Lmao! eassssssssyyyyyyyy! :laugh:

I wouldnt keep my own journal up to date enough to even have one so robs journal is the one i read the most i was just lettin him know where im up to mate.

I've refrained from posting as much as ive used too, to benefit us all anyhow!

sorry tho supra, lets just proceed with pics of rob only! :beer:


----------



## Suprakill4 (Jul 11, 2008)

Juic3Up said:


> Lmao! eassssssssyyyyyyyy! :laugh:
> 
> I wouldnt keep my own journal up to date enough to even have one so robs journal is the one i read the most i was just lettin him know where im up to mate.
> 
> ...


Really? You update this one everyday so can't do that bad with your own surely.


----------



## NorthernSoul (Nov 7, 2011)

Suprakill4 said:


> Really? You update this one everyday so can't do that bad with your own surely.


I dno pal. i dont wanna have any tiffs with anyone on here anyway so ill post my own stuff in my own journal when i get one sometime.

hope ya post in it tho so im not left on my bill ha :thumbup1:


----------



## sxbarnes (Dec 1, 2005)

Juic3Up said:


> I dno pal. i dont wanna have any tiffs with anyone on here anyway so ill post my own stuff in my own journal when i get one sometime.
> 
> hope ya post in it tho so im not left on my bill ha :thumbup1:


I'll pop in mate:beer:


----------



## Suprakill4 (Jul 11, 2008)

Juic3Up said:


> I dno pal. i dont wanna have any tiffs with anyone on here anyway so ill post my own stuff in my own journal when i get one sometime.
> 
> hope ya post in it tho so im not left on my bill ha :thumbup1:


Course I will. Not having a go. Just an observation mate that's all as it would fcuk me off someone keep putting pics of themself in my journal and updating their progress.


----------



## NorthernSoul (Nov 7, 2011)

sxbarnes said:


> I'll pop in mate:beer:


nice one!



> Course I will. Not having a go. Just an observation mate that's all as it would fcuk me off someone keep putting pics of themself in my journal and updating their progress.


yeah i understand. robs too nice to even say anything like you said!


----------



## Suprakill4 (Jul 11, 2008)

Juic3Up said:


> nice one!
> 
> yeah i understand. robs too nice to even say anything like you said!
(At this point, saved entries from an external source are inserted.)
(* Let $d\geqslant 1$. (1) The subset $\mathbb{N}^d$ has complements in $\mathbb{Z}^d$. (2) $\mathbb{N}^d$ has no minimal complement in $\mathbb{Z}^d$. (3) No complement of $\mathbb{N}^d$ in $\mathbb{Z}^d$ contains a minimal complement of $\mathbb{N}^d$.
   Context: $\mathbb{N}=\{0,1,2,\dots\}$. A nonempty set $M\subseteq\mathbb{Z}^d$ is a complement of $W\subseteq \mathbb{Z}^d$ if $W+M=\mathbb{Z}^d$; it is a minimal complement if no proper subset of $M$ is a complement of $W$. *)

theory Defs
  imports "HOL-Analysis.Analysis"
begin

text \<open>Z^d is modelled as the type int ^ 'd with 'd a finite (nonempty) index type.\<close>

definition sumset :: "('a::plus) set \<Rightarrow> 'a set \<Rightarrow> 'a set" where
  "sumset W M = {w + m | w m. w \<in> W \<and> m \<in> M}"

definition is_complement :: "('a::plus) set \<Rightarrow> 'a set \<Rightarrow> bool" where
  "is_complement M W \<longleftrightarrow> M \<noteq> {} \<and> sumset W M = UNIV"

definition is_minimal_complement :: "('a::plus) set \<Rightarrow> 'a set \<Rightarrow> bool" where
  "is_minimal_complement M W \<longleftrightarrow> is_complement M W \<and>
     (\<forall>M'. M' \<subset> M \<longrightarrow> \<not> is_complement M' W)"

definition natpts :: "(int ^ 'd) set" where
  "natpts = {x. \<forall>i. x $ i \<ge> 0}"

end

theory Submission
  imports Defs
begin

text \<open>If \<open>W\<close> is closed under addition, then \<open>m' + W \<subseteq> m + W\<close> whenever \<open>m' - m \<in> W\<close>, so \<open>m'\<close>
  is redundant in \<open>M\<close>. For \<open>W = \<nat>\<^sup>d\<close> every \<open>m \<in> M\<close> is redundant in this way: \<open>M\<close> must
  cover the point \<open>m - (1,\<dots>,1)\<close>, which forces an element of \<open>M\<close> strictly below \<open>m\<close>.
  Hence no complement of \<open>\<nat>\<^sup>d\<close> is minimal, while \<open>\<int>\<^sup>d\<close> itself is a complement.\<close>

lemma mem_sumset_iff:
  fixes W M :: "'a::ab_group_add set"
  shows "x \<in> sumset W M \<longleftrightarrow> (\<exists>m\<in>M. x - m \<in> W)"
proof
  assume "x \<in> sumset W M"
  then show "\<exists>m\<in>M. x - m \<in> W"
    unfolding sumset_def by force
next
  assume "\<exists>m\<in>M. x - m \<in> W"
  then obtain m where "m \<in> M" "x - m \<in> W" by blast
  moreover have "x = (x - m) + m" by simp
  ultimately show "x \<in> sumset W M"
    unfolding sumset_def by blast
qed

lemma is_complement_iff:
  fixes W M :: "'a::ab_group_add set"
  shows "is_complement M W \<longleftrightarrow> (\<forall>x. \<exists>m\<in>M. x - m \<in> W)"
proof
  assume "is_complement M W"
  then show "\<forall>x. \<exists>m\<in>M. x - m \<in> W"
    unfolding is_complement_def by (metis UNIV_I mem_sumset_iff)
next
  assume covers: "\<forall>x. \<exists>m\<in>M. x - m \<in> W"
  then have "M \<noteq> {}" by blast
  moreover have "sumset W M = UNIV"
    using covers by (auto simp: mem_sumset_iff)
  ultimately show "is_complement M W"
    by (simp add: is_complement_def)
qed

lemma is_complement_UNIV:
  fixes W :: "'a::ab_group_add set"
  assumes "W \<noteq> {}"
  shows "is_complement UNIV W"
proof -
  obtain w where "w \<in> W" using assms by blast
  have "x - (x - w) \<in> W" for x using \<open>w \<in> W\<close> by simp
  then show ?thesis by (blast intro: is_complement_iff[THEN iffD2])
qed

lemma is_complement_Diff_singleton:
  fixes W M :: "'a::ab_group_add set"
  assumes compl: "is_complement M W"
    and add_closed: "\<And>u v. u \<in> W \<Longrightarrow> v \<in> W \<Longrightarrow> u + v \<in> W"
    and "e \<in> W" "- e \<notin> W"
  shows "is_complement (M - {m\<^sub>0}) W"
proof -
  obtain m\<^sub>1 where "m\<^sub>1 \<in> M" and m\<^sub>1: "(m\<^sub>0 - e) - m\<^sub>1 \<in> W"
    using compl by (auto simp: is_complement_iff)
  have below: "m\<^sub>0 - m\<^sub>1 \<in> W"
    using add_closed[OF m\<^sub>1 \<open>e \<in> W\<close>] by (simp add: algebra_simps)
  have "m\<^sub>1 \<noteq> m\<^sub>0"
    using m\<^sub>1 \<open>- e \<notin> W\<close> by auto
  have "\<exists>m\<in>M - {m\<^sub>0}. x - m \<in> W" for x
  proof -
    obtain m where "m \<in> M" and m: "x - m \<in> W"
      using compl by (auto simp: is_complement_iff)
    show ?thesis
    proof (cases "m = m\<^sub>0")
      case True
      have "x - m\<^sub>1 = (x - m\<^sub>0) + (m\<^sub>0 - m\<^sub>1)" by simp
      then have "x - m\<^sub>1 \<in> W"
        using add_closed[OF _ below] m True by metis
      then show ?thesis
        using \<open>m\<^sub>1 \<in> M\<close> \<open>m\<^sub>1 \<noteq> m\<^sub>0\<close> by blast
    next
      case False
      then show ?thesis using \<open>m \<in> M\<close> m by blast
    qed
  qed
  then show ?thesis by (simp add: is_complement_iff)
qed

lemma not_is_minimal_complement:
  fixes W M :: "'a::ab_group_add set"
  assumes "\<And>u v. u \<in> W \<Longrightarrow> v \<in> W \<Longrightarrow> u + v \<in> W"
    and "e \<in> W" "- e \<notin> W"
  shows "\<not> is_minimal_complement M W"
proof
  assume minimal: "is_minimal_complement M W"
  then have "is_complement M W"
    by (simp add: is_minimal_complement_def)
  then obtain m\<^sub>0 where "m\<^sub>0 \<in> M"
    by (auto simp: is_complement_def)
  then have "M - {m\<^sub>0} \<subset> M" by blast
  moreover have "is_complement (M - {m\<^sub>0}) W"
    using is_complement_Diff_singleton[OF \<open>is_complement M W\<close> assms] .
  ultimately show False
    using minimal by (auto simp: is_minimal_complement_def)
qed

lemma natpts_add_closed: "u \<in> natpts \<Longrightarrow> v \<in> natpts \<Longrightarrow> u + v \<in> natpts"
  by (simp add: natpts_def)

lemma one_mem_natpts: "1 \<in> natpts"
  by (simp add: natpts_def)

lemma uminus_one_notin_natpts: "- 1 \<notin> natpts"
  by (simp add: natpts_def)

theorem corollary3p2:
  shows "(\<exists>M :: (int ^ 'd) set. is_complement M natpts)
       \<and> (\<nexists>M :: (int ^ 'd) set. is_minimal_complement M natpts)
       \<and> (\<forall>C :: (int ^ 'd) set. is_complement C natpts \<longrightarrow>
            \<not> (\<exists>M \<subseteq> C. is_minimal_complement M natpts))"
proof -
  have "is_complement (UNIV :: (int ^ 'd) set) natpts"
    using one_mem_natpts by (intro is_complement_UNIV) blast
  moreover have "\<not> is_minimal_complement M natpts" for M :: "(int ^ 'd) set"
    using natpts_add_closed one_mem_natpts uminus_one_notin_natpts
    by (rule not_is_minimal_complement)
  ultimately show ?thesis by blast
qed

end
lemma Twist_insert_vert_edge:
  assumes "P \<subseteq> row_edges m"
  shows "Twist (Suc m) (insert (vert_edge (Suc m)) P) =
           (if even m then insert m (Twist m P) else Twist m P)"
proof -
  have "insert (vert_edge (Suc m)) P \<subseteq> row_edges (Suc m)"
    using assms row_edges_mono[of m "Suc m"] by auto
  moreover have "top_edge m \<notin> P" using assms by auto
  ultimately show ?thesis
    unfolding Twist_eq[OF assms] by (auto simp: Twist_eq less_Suc_eq)
qed

lemma Twist_add_tile:
  assumes "P \<subseteq> row_edges m"
  shows "Twist (Suc (Suc m)) (add_tile (Suc m) P) =
           (if even m then insert m (insert (Suc m) (Twist m P)) else Twist m P)"
proof -
  have "add_tile (Suc m) P \<subseteq> row_edges (Suc (Suc m))"
    using assms row_edges_mono[of m "Suc (Suc m)"] by (auto simp: add_tile_def)
  moreover have "top_edge m \<notin> P" "top_edge (Suc m) \<notin> P" using assms by auto
  ultimately show ?thesis
    unfolding Twist_eq[OF assms] by (auto simp: Twist_eq less_Suc_eq add_tile_def)
qed

subsection \<open>The exponent vector \<open>\<nu>\<close>\<close>

definition face_weight_count :: "nat \<Rightarrow> nat set \<Rightarrow> int" where
  "face_weight_count i T = int (card {j \<in> T. face_weight j = i})"

lemma face_weight_count_insert:
  assumes "finite T" "j \<notin> T"
  shows "face_weight_count i (insert j T) = face_weight_count i T + (if face_weight j = i then 1 else 0)"
proof -
  have "{x \<in> insert j T. face_weight x = i} =
          (if face_weight j = i then insert j {x \<in> T. face_weight x = i} else {x \<in> T. face_weight x = i})"
    by auto
  then show ?thesis
    unfolding face_weight_count_def using assms by simp
qed

lemma face_weight_eq_iff: "face_weight j = 1 \<longleftrightarrow> even j" "face_weight j = 2 \<longleftrightarrow> odd j"
  by (auto simp: face_weight_def)

lemma N_count_eq: "N_count m 1 = int ((m + 1) div 2)" "N_count m 2 = int (m div 2)"
proof -
  have step: "N_count (Suc m) i = N_count m i + (if face_weight m = i then 1 else 0)" for m i
  proof -
    have "{j. j < Suc m \<and> face_weight j = i} =
            {j. j < m \<and> face_weight j = i} \<union> (if face_weight m = i then {m} else {})"
      by (auto simp: less_Suc_eq)
    then show ?thesis unfolding N_count_def by (simp add: card_Un_disjoint)
  qed
  have "N_count m 1 = int ((m + 1) div 2) \<and> N_count m 2 = int (m div 2)"
  proof (induction m)
    case 0
    then show ?case by (simp add: N_count_def)
  next
    case (Suc m)
    then show ?case by (auto simp: step face_weight_def elim: oddE)
  qed
  then show "N_count m 1 = int ((m + 1) div 2)" "N_count m 2 = int (m div 2)" by blast+
qed
(* Let $(\zeta_j)_{j\in\mathbb Z}$ be i.i.d. positive random variables with finite mean $\mu$, $\omega_0:=0$, $\omega_k:=\omega_{k-1}+\zeta_k$ ($k\in\mathbb Z$), with law $P$. Let $(\xi_i)_{i\ge1}$ be i.i.d. $\mathbb Z$-valued with density $(p_k)$ satisfying $p_k=p_{-k}$, $p_{k+1}\le p_k$ for $k\ge0$, and $\sum_kk^2p_k\in(0,\infty)$; $S_0:=0$, $S_n:=\sum_{i=1}^n\xi_i$, with law $Q$, and $m_2:=\lim_nE_Q(S_n^2)/n$. For fixed $\omega$ let $Y_n:=\omega_{S_n}$ and let $Q_\omega$ be the law of $(Y_n)$ induced by $Q$. Then for $P$-a.e. $\omega$, $Y_n/\sqrt n\to\mathcal N(0,\mu^2m_2)$ in distribution under $Q_\omega$ as $n\to\infty$.
   Context: $\mathcal N(0,\sigma^2)$ is the centered normal law with variance $\sigma^2$. *)

theory Defs
  imports "HOL-Probability.Probability"
begin

definition env :: "(int \<Rightarrow> 'a \<Rightarrow> real) \<Rightarrow> 'a \<Rightarrow> int \<Rightarrow> real" where
  "env \<zeta> x k = (if k \<ge> 0 then (\<Sum>j\<in>{1..k}. \<zeta> j x) else - (\<Sum>j\<in>{k+1..0}. \<zeta> j x))"

definition walk :: "(nat \<Rightarrow> 'b \<Rightarrow> int) \<Rightarrow> nat \<Rightarrow> 'b \<Rightarrow> int" where
  "walk \<xi> n y = (\<Sum>i\<in>{1..n}. \<xi> i y)"

end

theory Submission
  imports Defs
begin

text \<open>
  By the strong law of large numbers, applied separately to \<open>\<zeta>\<^sub>1, \<zeta>\<^sub>2, \<dots>\<close> and to
  \<open>\<zeta>\<^sub>0, \<zeta>\<^sub>-\<^sub>1, \<dots>\<close>, almost every environment grows linearly:
  \<open>|\<omega>\<^sub>k - \<mu> k| \<le> \<delta> |k| + C\<^sub>\<delta>\<close> for every \<open>\<delta> > 0\<close>.
  For such a fixed \<open>\<omega>\<close>, \<open>\<omega>\<^sub>S\<^sub>n / \<surd>n = \<mu> S\<^sub>n / \<surd>n + o(1 + |S\<^sub>n| / \<surd>n)\<close>, so the
  quenched limit follows from the central limit theorem for \<open>S\<^sub>n\<close> (variance \<open>m\<^sub>2 = E \<xi>\<^sup>2\<close>)
  via a Skorohod representation.

  The strong law is not in the library; it is proved by Etemadi's argument for nonnegative
  variables: truncate \<open>X\<^sub>i\<close> at level \<open>i + 1\<close> (Borel--Cantelli shows this changes only finitely many
  terms), bound the second moments of the centred truncated means along the sparse indices
  \<open>\<lfloor>\<alpha>\<^sup>m\<rfloor>\<close>, and interpolate between them using monotonicity of the partial sums.
\<close>

section \<open>Elementary real analysis\<close>

lemma cesaro_tendsto:
  fixes a :: "nat \<Rightarrow> real"
  assumes "a \<longlonglongrightarrow> L"
  shows "(\<lambda>n. (\<Sum>i<n. a i) / real n) \<longlonglongrightarrow> L"
proof (rule LIMSEQ_I)
  fix r :: real assume r: "r > 0"
  obtain N where N: "\<And>n. n \<ge> N \<Longrightarrow> norm (a n - L) < r/2"
    using LIMSEQ_D[OF assms, of "r/2"] r by auto
  define B where "B = (\<Sum>i<N. norm (a i - L))"
  have "(\<lambda>n. B / real n) \<longlonglongrightarrow> 0" by (rule lim_const_over_n)
  then obtain N2 where N2: "\<And>n. n \<ge> N2 \<Longrightarrow> norm (B / real n) < r/2"
    using LIMSEQ_D[of _ 0 "r/2"] r by force
  show "\<exists>no. \<forall>n\<ge>no. norm ((\<Sum>i<n. a i) / real n - L) < r"
  proof (intro exI allI impI)
    fix n assume n: "n \<ge> max (Suc N) N2"
    hence npos: "real n > 0" by simp
    have eq: "(\<Sum>i<n. a i) / real n - L = (\<Sum>i<n. a i - L) / real n"
      using npos by (simp add: sum_subtractf field_simps)
    have split: "{..<n} = {..<N} \<union> {N..<n}" using n by auto
    have "norm (\<Sum>i<n. a i - L) \<le> (\<Sum>i<n. norm (a i - L))" by (rule norm_sum)
    also have "\<dots> = B + (\<Sum>i\<in>{N..<n}. norm (a i - L))"
      unfolding B_def split by (subst sum.union_disjoint) auto
    also have "(\<Sum>i\<in>{N..<n}. norm (a i - L)) \<le> (\<Sum>i\<in>{N..<n}. r/2)"
      using N by (intro sum_mono) (simp add: less_imp_le)
    also have "\<dots> \<le> real n * (r/2)" using r by simp
    finally have "norm (\<Sum>i<n. a i - L) \<le> B + real n * (r/2)" by simp
    hence "norm ((\<Sum>i<n. a i - L) / real n) \<le> B / real n + r/2"
      using npos by (simp add: field_simps norm_divide)
    also have "B / real n < r/2" using N2[of n] n by (simp add: abs_less_iff B_def sum_nonneg)
    finally show "norm ((\<Sum>i<n. a i) / real n - L) < r" using eq by simp
  qed
qed

lemma linear_growth_bound:
  fixes a :: "nat \<Rightarrow> real"
  assumes lim: "(\<lambda>n. a n / real n) \<longlonglongrightarrow> m" and d: "\<delta> > 0"
  obtains C where "C \<ge> 0" "\<And>n. \<bar>a n - m * real n\<bar> \<le> \<delta> * real n + C"
proof -
  obtain N where N: "\<And>n. n \<ge> N \<Longrightarrow> \<bar>a n / real n - m\<bar> < \<delta>"
    using LIMSEQ_D[OF lim d] by auto
  define C where "C = (\<Sum>n<Suc N. \<bar>a n - m * real n\<bar>)"
  have "\<bar>a n - m * real n\<bar> \<le> \<delta> * real n + C" for n
  proof (cases "n \<le> N")
    case True
    hence "\<bar>a n - m * real n\<bar> \<le> C" unfolding C_def
      by (intro member_le_sum) auto
    thus ?thesis using d by (simp add: add_increasing)
  next
    case False
    hence np: "real n > 0" by simp
    have "\<bar>a n - m * real n\<bar> = real n * \<bar>a n / real n - m\<bar>"
      using np by (simp add: field_simps abs_mult[symmetric])
    also have "\<dots> \<le> real n * \<delta>" using N[of n] False np by (intro mult_left_mono) auto
    finally show ?thesis by (simp add: C_def sum_nonneg mult.commute add_increasing2)
  qed
  moreover have "C \<ge> 0" unfolding C_def by (simp add: sum_nonneg)
  ultimately show ?thesis using that by blast
qed

definition geom_floor :: "real \<Rightarrow> nat \<Rightarrow> nat" where
  "geom_floor \<alpha> m = nat \<lfloor>\<alpha> ^ m\<rfloor>"

lemma geom_floor_bounds:
  assumes "\<alpha> > 1"
  shows "real (geom_floor \<alpha> m) \<le> \<alpha> ^ m" "real (geom_floor \<alpha> m) > \<alpha> ^ m - 1"
    "real (geom_floor \<alpha> m) \<ge> 1" "geom_floor \<alpha> m > 0" "2 * real (geom_floor \<alpha> m) \<ge> \<alpha> ^ m"
proof -
  have "\<alpha> ^ m \<ge> 1" using assms by (simp add: one_le_power)
  hence f1: "\<lfloor>\<alpha> ^ m\<rfloor> \<ge> 1" by (simp add: le_floor_iff)
  have e: "real (geom_floor \<alpha> m) = real_of_int \<lfloor>\<alpha> ^ m\<rfloor>" using f1 by (simp add: geom_floor_def)
  show "real (geom_floor \<alpha> m) \<le> \<alpha> ^ m" unfolding e by simp
  show g: "real (geom_floor \<alpha> m) > \<alpha> ^ m - 1" unfolding e by linarith
  show g1: "real (geom_floor \<alpha> m) \<ge> 1" unfolding e using f1 by simp
  thus "geom_floor \<alpha> m > 0" by simp
  show "2 * real (geom_floor \<alpha> m) \<ge> \<alpha> ^ m" using g g1 by linarith
qed

lemma filterlim_geom_floor:
  assumes "\<alpha> > 1"
  shows "filterlim (geom_floor \<alpha>) at_top sequentially"
proof -
  have "filterlim (\<lambda>m. \<alpha> ^ m) at_top sequentially"
    using assms by (intro filterlim_at_infinity_imp_filterlim_at_top filterlim_realpow_sequentially_gt1) auto
  hence "filterlim (\<lambda>m. -1 + \<alpha> ^ m) at_top sequentially"
    by (intro filterlim_tendsto_add_at_top[OF tendsto_const])
  hence "filterlim (\<lambda>m. real (geom_floor \<alpha> m)) at_top sequentially"
    by (rule filterlim_at_top_mono)
       (use geom_floor_bounds[OF assms] in \<open>auto intro!: always_eventually less_imp_le simp: algebra_simps\<close>)
  thus ?thesis by (simp add: filterlim_real_sequentially filterlim_sequentially_iff_filterlim_real)
qed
I'm just a cvnt and talk my mind that's all lol.


----------



## TELBOR (Feb 20, 2012)

Wow wow wow..... I'm handsome as well as nice I'll have you know 

Chill ya beans you two.


----------



## Suprakill4 (Jul 11, 2008)

R0BLET said:


> Wow wow wow..... I'm handsome as well as nice I'll have you know
> 
> Chill ya beans you two.


Hmmmmm that's debatable..... Lol.


----------



## TELBOR (Feb 20, 2012)

Suprakill4 said:


> Hmmmmm that's debatable..... Lol.


Mrs Kill4 would be all over me :lol:


----------



## Suprakill4 (Jul 11, 2008)

R0BLET said:


> Mrs Kill4 would be all over me :lol:


I'll give her your number.


----------



## TELBOR (Feb 20, 2012)

Suprakill4 said:


> I'll give her your number.


No problem mate, look forward to the pics :lol:


----------



## Sharpy76 (May 11, 2012)

What is your calorie intake at the mo mate, if you don't mind saying of course?!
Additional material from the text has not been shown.